Task description ::
Supply the number of lines in the listing below in which the word "fixes" occurs, and nothing else.

(Listed records begins)

(* Consider $n$ birds in $\mathbb{R}^d$ evolving noise-free by $x(t)=x(t-1)+v(t)$, $v(t+1)=(P\otimes I_d)v(t)$ ($t\ge1$), where the flocking network is a fixed connected graph $G$ for all $t$ and $P=I_n-CL$ is the corresponding fixed transition matrix. Let $\pi=(\mathrm{tr}\,C^{-1})^{-1}C^{-1}\mathbf{1}$, let $\Gamma=\lim_{t\to\infty}\bigl(-\mathbf{1}\pi^Tt+\sum_{s=0}^{t-1}P^s\bigr)$, let $\mathbf{m}_\pi[x(t)]=(\pi^T\otimes I_d)x(t)$ (the mass center), and let $x^r(t)=x(t)-(\mathbf{1}\otimes I_d)\mathbf{m}_\pi[x(t)]$. Then $x^r(t)$ converges to $x^r=((I_n-\mathbf{1}\pi^T)\otimes I_d)x(0)+(\Gamma\otimes I_d)v(1)$, and the mass center $\mathbf{m}_\pi[x(t)]$ moves in $\mathbb{R}^d$ at constant speed in a fixed direction.
   Context: $G$ is a connected undirected graph without self-loops on $n$ vertices with degrees $d_i$ and Laplacian $L$; $C=\mathrm{diag}(c_1,\dots,c_n)$ with positive rationals $c_i$ of $O(\log n)$ bits and $c_id_i<1$. $\mathbf{1}$ is the all-ones vector. *)

theory Defs
  imports "HOL-Analysis.Analysis"
begin

text \<open>Graphs on vertex set {0..<n}: symmetric irreflexive edge relation E.
 Matrices are functions nat => nat => real, indexed by {0..<n}.\<close>

definition deg :: "nat \<Rightarrow> (nat \<Rightarrow> nat \<Rightarrow> bool) \<Rightarrow> nat \<Rightarrow> nat" where
  "deg n E i = card {j. j < n \<and> E i j}"

definition laplacian :: "nat \<Rightarrow> (nat \<Rightarrow> nat \<Rightarrow> bool) \<Rightarrow> nat \<Rightarrow> nat \<Rightarrow> real" where
  "laplacian n E i j = (if i = j then real (deg n E i) else if E i j then -1 else 0)"

definition graph_connected :: "nat \<Rightarrow> (nat \<Rightarrow> nat \<Rightarrow> bool) \<Rightarrow> bool" where
  "graph_connected n E \<longleftrightarrow> n > 0 \<and>
     (\<forall>i<n. \<forall>j<n. (\<lambda>a b. a < n \<and> b < n \<and> E a b)\<^sup>*\<^sup>* i j)"

definition trans_mat :: "nat \<Rightarrow> (nat \<Rightarrow> nat \<Rightarrow> bool) \<Rightarrow> (nat \<Rightarrow> real) \<Rightarrow> nat \<Rightarrow> nat \<Rightarrow> real" where
  "trans_mat n E c i j = (if i = j then 1 else 0) - c i * laplacian n E i j"

definition mat_mult :: "nat \<Rightarrow> (nat \<Rightarrow> nat \<Rightarrow> real) \<Rightarrow> (nat \<Rightarrow> nat \<Rightarrow> real) \<Rightarrow> nat \<Rightarrow> nat \<Rightarrow> real" where
  "mat_mult n A B i j = (\<Sum>k<n. A i k * B k j)"

fun mat_pow :: "nat \<Rightarrow> (nat \<Rightarrow> nat \<Rightarrow> real) \<Rightarrow> nat \<Rightarrow> nat \<Rightarrow> nat \<Rightarrow> real" where
  "mat_pow n A 0 = (\<lambda>i j. if i = j then 1 else 0)"
| "mat_pow n A (Suc s) = mat_mult n (mat_pow n A s) A"

definition pi_vec :: "nat \<Rightarrow> (nat \<Rightarrow> real) \<Rightarrow> nat \<Rightarrow> real" where
  "pi_vec n c i = (1 / c i) / (\<Sum>j<n. 1 / c j)"

definition Gamma_seq :: "nat \<Rightarrow> (nat \<Rightarrow> nat \<Rightarrow> bool) \<Rightarrow> (nat \<Rightarrow> real) \<Rightarrow> nat \<Rightarrow> nat \<Rightarrow> nat \<Rightarrow> real" where
  "Gamma_seq n E c t i j = - pi_vec n c j * real t + (\<Sum>s<t. mat_pow n (trans_mat n E c) s i j)"

definition Gamma :: "nat \<Rightarrow> (nat \<Rightarrow> nat \<Rightarrow> bool) \<Rightarrow> (nat \<Rightarrow> real) \<Rightarrow> nat \<Rightarrow> nat \<Rightarrow> real" where
  "Gamma n E c i j = lim (\<lambda>t. Gamma_seq n E c t i j)"

definition mass_center :: "nat \<Rightarrow> (nat \<Rightarrow> real) \<Rightarrow> (nat \<Rightarrow> real ^ 'd) \<Rightarrow> real ^ 'd" where
  "mass_center n c x = (\<Sum>i<n. pi_vec n c i *\<^sub>R x i)"

end

theory Submission
  imports Defs
begin

text \<open>
  Unrolling the recursions gives v(s+1) = (P^s \<otimes> I) v(1). Since \<pi> is a stationary
  distribution of the row-stochastic matrix P, the \<pi>-mass center of the velocities is
  constant, so the mass center moves with constant velocity (\<pi>^T \<otimes> I) v(1). Subtracting
  it, the relative positions are the initial ones plus (\<Gamma>_t \<otimes> I) v(1), where \<Gamma>_t is the
  t-th partial sum of P^s - 1 \<pi>^T. As G is connected and P has a positive diagonal, some
  power P^K is entrywise at least \<delta> > 0; one application of P^K shrinks the spread of
  every column by the factor 1 - n \<delta>, so P^s - 1 \<pi>^T decays geometrically and \<Gamma>_t
  converges.
\<close>

lemma mat_mult_assoc:
  "mat_mult n (mat_mult n A B) C = mat_mult n A (mat_mult n B C)"
  unfolding mat_mult_def fun_eq_iff
  by (simp add: sum_distrib_left sum_distrib_right mult.assoc, subst sum.swap, simp)

lemma mat_mult_cong:
  "(\<And>k. k < n \<Longrightarrow> A i k = A' i k) \<Longrightarrow> (\<And>k. k < n \<Longrightarrow> B k j = B' k j)
   \<Longrightarrow> mat_mult n A B i j = mat_mult n A' B' i j"
  unfolding mat_mult_def by (rule sum.cong) auto

lemma mat_pow_add:
  "j < n \<Longrightarrow> mat_pow n A (a + b) i j = mat_mult n (mat_pow n A a) (mat_pow n A b) i j"
proof (induction b arbitrary: j)
  case 0
  then show ?case by (simp add: mat_mult_def if_distrib sum.delta cong: if_cong)
next
  case (Suc b)
  have "mat_pow n A (a + Suc b) i j = mat_mult n (mat_pow n A (a + b)) A i j" by simp
  also have "\<dots> = mat_mult n (mat_mult n (mat_pow n A a) (mat_pow n A b)) A i j"
    by (rule mat_mult_cong) (auto intro: Suc.IH)
  also have "\<dots> = mat_mult n (mat_pow n A a) (mat_pow n A (Suc b)) i j"
    by (simp add: mat_mult_assoc)
  finally show ?case .
qed

lemma mat_pow_Suc_left:
  assumes "i < n" "j < n"
  shows "mat_pow n A (Suc s) i j = (\<Sum>k<n. A i k * mat_pow n A s k j)"
proof -
  have "mat_pow n A (1 + s) i j = mat_mult n (mat_pow n A 1) (mat_pow n A s) i j"
    by (rule mat_pow_add[OF assms(2)])
  also have "\<dots> = mat_mult n A (mat_pow n A s) i j"
    using assms(1)
    by (intro mat_mult_cong) (simp_all add: mat_mult_def if_distrib[of "\<lambda>y. y * _"] sum.delta' cong: if_cong)
  finally show ?thesis by (simp add: mat_mult_def)
qed

lemma stationary_mat_pow:
  assumes stationary: "\<And>j. j < n \<Longrightarrow> (\<Sum>i<n. p i * A i j) = p j" and "j < n"
  shows "(\<Sum>i<n. p i * mat_pow n A s i j) = p j"
  using \<open>j < n\<close>
proof (induction s arbitrary: j)
  case 0
  then show ?case by (simp add: sum.delta if_distrib cong: if_cong)
next
  case (Suc s)
  have "(\<Sum>i<n. p i * mat_pow n A (Suc s) i j) = (\<Sum>k<n. (\<Sum>i<n. p i * mat_pow n A s i k) * A k j)"
    by (simp add: mat_mult_def sum_distrib_left sum_distrib_right mult.assoc) (subst sum.swap, simp)
  also have "\<dots> = (\<Sum>k<n. p k * A k j)"
    using Suc.IH by (intro sum.cong) auto
  finally show ?case using stationary Suc.prems by simp
qed

lemma convex_combination_bounds:
  fixes p u :: "nat \<Rightarrow> real"
  assumes "\<And>k. k < n \<Longrightarrow> 0 \<le> p k" "(\<Sum>k<n. p k) = 1"
    and "\<And>k. k < n \<Longrightarrow> a \<le> u k \<and> u k \<le> b"
  shows "a \<le> (\<Sum>k<n. p k * u k)" "(\<Sum>k<n. p k * u k) \<le> b"
proof -
  have "(\<Sum>k<n. p k * a) \<le> (\<Sum>k<n. p k * u k)" "(\<Sum>k<n. p k * u k) \<le> (\<Sum>k<n. p k * b)"
    using assms by (auto intro!: sum_mono mult_left_mono)
  then show "a \<le> (\<Sum>k<n. p k * u k)" "(\<Sum>k<n. p k * u k) \<le> b"
    using assms(2) by (simp_all add: sum_distrib_right[symmetric])
qed

text \<open>Splitting off the uniform part \<delta> of the weights: the rest has mass 1 - n\<delta>.\<close>

lemma weighted_sum_contracts:
  fixes A u :: "nat \<Rightarrow> real"
  assumes "\<And>k. k < n \<Longrightarrow> \<delta> \<le> A k" "(\<Sum>k<n. A k) = 1"
    and "\<And>k. k < n \<Longrightarrow> a \<le> u k \<and> u k \<le> b"
  shows "(1 - real n * \<delta>) * a + \<delta> * (\<Sum>k<n. u k) \<le> (\<Sum>k<n. A k * u k)"
    "(\<Sum>k<n. A k * u k) \<le> (1 - real n * \<delta>) * b + \<delta> * (\<Sum>k<n. u k)"
proof -
  have split: "(\<Sum>k<n. A k * u k) = (\<Sum>k<n. (A k - \<delta>) * u k) + \<delta> * (\<Sum>k<n. u k)"
    by (simp add: algebra_simps sum.distrib sum_subtractf sum_distrib_left)
  have mass: "(\<Sum>k<n. A k - \<delta>) = 1 - real n * \<delta>"
    using assms(2) by (simp add: sum_subtractf)
  have "(\<Sum>k<n. (A k - \<delta>) * a) \<le> (\<Sum>k<n. (A k - \<delta>) * u k)"
    "(\<Sum>k<n. (A k - \<delta>) * u k) \<le> (\<Sum>k<n. (A k - \<delta>) * b)"
    using assms by (auto intro!: sum_mono mult_left_mono)
  then show "(1 - real n * \<delta>) * a + \<delta> * (\<Sum>k<n. u k) \<le> (\<Sum>k<n. A k * u k)"
    "(\<Sum>k<n. A k * u k) \<le> (1 - real n * \<delta>) * b + \<delta> * (\<Sum>k<n. u k)"
    using split mass by (simp_all add: sum_distrib_right[symmetric])
qed

lemma summable_power_div:
  fixes \<rho> :: real
  assumes "0 < \<rho>" "\<rho> < 1" "K > 0"
  shows "summable (\<lambda>s. \<rho> ^ (s div K))"
proof -
  define r where "r = root K \<rho>"
  have r0: "0 < r" and r1: "r < 1" using assms by (auto simp: r_def real_root_gt_zero)
  have rK: "r ^ K = \<rho>" using assms by (simp add: r_def)
  have bound: "norm (\<rho> ^ (s div K)) \<le> (1 / \<rho>) * r ^ s" for s
  proof -
    have "s \<le> K * (s div K) + K"
      using mult_div_mod_eq[of K s] mod_less_divisor[OF assms(3), of s] by linarith
    then have "r ^ (K * (s div K) + K) \<le> r ^ s"
      using r0 r1 by (intro power_decreasing) auto
    moreover have "r ^ (K * (s div K) + K) = \<rho> ^ (s div K) * \<rho>"
      by (simp add: power_add power_mult rK mult.commute)
    ultimately show ?thesis using assms by (simp add: field_simps)
  qed
  have "summable (\<lambda>s. (1 / \<rho>) * r ^ s)"
    using r0 r1 by (intro summable_mult summable_geometric) auto
  then show ?thesis
    by (rule summable_comparison_test'[where N=0]) (use bound in auto)
qed

locale stochastic_matrix =
  fixes n :: nat and A :: "nat \<Rightarrow> nat \<Rightarrow> real"
  assumes nonneg: "i < n \<Longrightarrow> j < n \<Longrightarrow> 0 \<le> A i j"
    and row_sum: "i < n \<Longrightarrow> (\<Sum>j<n. A i j) = 1"
begin

lemma entry_le_one: "i < n \<Longrightarrow> j < n \<Longrightarrow> A i j \<le> 1"
  using member_le_sum[of j "{..<n}" "A i"] nonneg row_sum by auto

lemma stochastic_mat_pow: "stochastic_matrix n (mat_pow n A s)"
proof (induction s)
  case 0
  show ?case by unfold_locales (simp_all add: sum.delta)
next
  case (Suc s)
  then interpret P: stochastic_matrix n "mat_pow n A s" .
  show ?case
  proof unfold_locales
    show "0 \<le> mat_pow n A (Suc s) i j" if "i < n" "j < n" for i j
      using that by (auto simp: mat_mult_def intro!: sum_nonneg mult_nonneg_nonneg P.nonneg nonneg)
    show "(\<Sum>j<n. mat_pow n A (Suc s) i j) = 1" if "i < n" for i
    proof -
      have "(\<Sum>j<n. mat_pow n A (Suc s) i j) = (\<Sum>k<n. mat_pow n A s i k * (\<Sum>j<n. A k j))"
        by (simp add: mat_mult_def sum_distrib_left) (subst sum.swap, simp)
      also have "\<dots> = 1" using that by (simp add: row_sum P.row_sum)
      finally show ?thesis .
    qed
  qed
qed

lemma mat_pow_Suc_pos:
  assumes "i < n" "k < n" "l < n" "0 < mat_pow n A m i k" "0 < A k l"
  shows "0 < mat_pow n A (Suc m) i l"
proof -
  interpret P: stochastic_matrix n "mat_pow n A m" by (rule stochastic_mat_pow)
  have "mat_pow n A m i k * A k l \<le> mat_pow n A (Suc m) i l"
    unfolding mat_pow.simps mat_mult_def using assms
    by (intro member_le_sum[where f = "\<lambda>q. mat_pow n A m i q * A q l"])
       (auto intro!: mult_nonneg_nonneg P.nonneg nonneg)
  then show ?thesis using mult_pos_pos[OF assms(4,5)] by linarith
qed

context
  assumes diag_pos: "\<And>i. i < n \<Longrightarrow> 0 < A i i"
begin

lemma mat_pow_diag_pos: "i < n \<Longrightarrow> 0 < mat_pow n A m i i"
proof (induction m)
  case (Suc m)
  then show ?case using mat_pow_Suc_pos diag_pos by blast
qed simp

text \<open>The positive diagonal keeps an entry positive once it has become positive.\<close>

lemma mat_pow_pos_eventually:
  assumes "(\<lambda>a b. a < n \<and> b < n \<and> 0 < A a b)\<^sup>*\<^sup>* i j" "i < n"
  shows "\<forall>\<^sub>F m in sequentially. 0 < mat_pow n A m i j"
  using assms(1)
proof (induction rule: rtranclp_induct)
  case base
  then show ?case using mat_pow_diag_pos assms(2) by simp
next
  case (step j k)
  then have "\<forall>\<^sub>F m in sequentially. 0 < mat_pow n A (Suc m) i k"
    by (elim eventually_mono) (use mat_pow_Suc_pos[OF assms(2)] in blast)
  then show ?case
    using eventually_sequentially_Suc[of "\<lambda>m. 0 < mat_pow n A m i k"] by blast
qed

(Listed records ends)

Response area ::
4